> _Aim of the exercise_
Print word for word the records from the line containing "- T *\<^sub>R" through the end.
══════════════════════════════
lemma ode_exists_in_cball:
  fixes h :: "'a::euclidean_space \<Rightarrow> 'a"
  assumes h: "L-lipschitz_on (cball y r) h" and hB: "\<And>a. a \<in> cball y r \<Longrightarrow> norm (h a) \<le> B"
    and BT: "B * T \<le> r" and LT: "L * T < 1" and T: "0 < T" and r: "0 \<le> r"
  obtains z where "z 0 = y"
    "\<And>t. t \<in> {0..T} \<Longrightarrow> (z has_vector_derivative h (z t)) (at t within {0..T})"
    "\<And>t. t \<in> {0..T} \<Longrightarrow> z t \<in> cball y r"
proof -
  obtain g where g: "L-lipschitz_on UNIV g" and g_range: "\<And>a. g a \<in> h ` cball y r"
    and g_eq: "\<And>a. a \<in> cball y r \<Longrightarrow> g a = h a"
    using lipschitz_extension_from_cball[OF h r] by blast
  have gB: "norm (g a) \<le> B" for a using g_range[of a] hB by auto
  obtain z where z0: "z 0 = y"
    and z': "\<And>t. t \<in> {0..T} \<Longrightarrow> (z has_vector_derivative g (z t)) (at t within {0..T})"
    and z_near: "\<And>t. t \<in> {0..T} \<Longrightarrow> norm (z t - y) \<le> B * t"
    using picard_fixpoint_solves[OF g gB LT T] by blast
  have z_in: "z t \<in> cball y r" if t: "t \<in> {0..T}" for t
  proof -
    have "B * t \<le> B * T" using t gB[of y] by (intro mult_left_mono) (auto intro: order_trans[OF norm_ge_zero])
    then show ?thesis using z_near[OF t] BT by (simp add: dist_norm norm_minus_commute)
  qed
  show ?thesis
  proof (rule that)
    show "z 0 = y" by (fact z0)
    show "z t \<in> cball y r" if "t \<in> {0..T}" for t using that by (rule z_in)
    show "(z has_vector_derivative h (z t)) (at t within {0..T})" if "t \<in> {0..T}" for t
      using z'[OF that] g_eq[OF z_in[OF that]] by simp
  qed
qed

lemma solution_minus_euler_step:
  fixes h :: "'a::real_normed_vector \<Rightarrow> 'a"
  assumes z: "\<And>t. t \<in> {0..T} \<Longrightarrow> (z has_vector_derivative h (z t)) (at t within {0..T})"
    and z_in: "\<And>t. t \<in> {0..T} \<Longrightarrow> z t \<in> cball (z 0) r"
    and h: "L-lipschitz_on (cball (z 0) r) h" and T: "0 \<le> T"
  shows "norm (z T - z 0 - T *\<^sub>R h (z 0)) \<le> T * (L * r)"
proof -
  have z0_in: "z 0 \<in> cball (z 0) r" using z_in[of 0] T by simp
  have "norm (h (z t) - h (z 0)) \<le> L * r" if t: "t \<in> {0..T}" for t
  proof -
    have "norm (h (z t) - h (z 0)) \<le> L * norm (z t - z 0)"
      by (rule lipschitz_on_normD[OF h z_in[OF t] z0_in])
    also have "\<dots> \<le> L * r"
      using z_in[OF t] lipschitz_on_nonneg[OF h]
      by (intro mult_left_mono) (auto simp: dist_norm norm_minus_commute)
    finally show ?thesis .
  qed
  then show ?thesis
    using vector_differentiable_bound_linearization[of "{0..T}" z "\<lambda>t. h (z t)" 0 T 0 "L * r"] z T
    by (simp add: closed_segment_eq_real_ivl)
qed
══════════════════════════════
> _Exercise output_
  shows "norm (z T - z 0 - T *\<^sub>R h (z 0)) \<le> T * (L * r)"
proof -
  have z0_in: "z 0 \<in> cball (z 0) r" using z_in[of 0] T by simp
  have "norm (h (z t) - h (z 0)) \<le> L * r" if t: "t \<in> {0..T}" for t
  proof -
    have "norm (h (z t) - h (z 0)) \<le> L * norm (z t - z 0)"
      by (rule lipschitz_on_normD[OF h z_in[OF t] z0_in])
    also have "\<dots> \<le> L * r"
      using z_in[OF t] lipschitz_on_nonneg[OF h]
      by (intro mult_left_mono) (auto simp: dist_norm norm_minus_commute)
    finally show ?thesis .
  qed
  then show ?thesis
    using vector_differentiable_bound_linearization[of "{0..T}" z "\<lambda>t. h (z t)" 0 T 0 "L * r"] z T
    by (simp add: closed_segment_eq_real_ivl)
qed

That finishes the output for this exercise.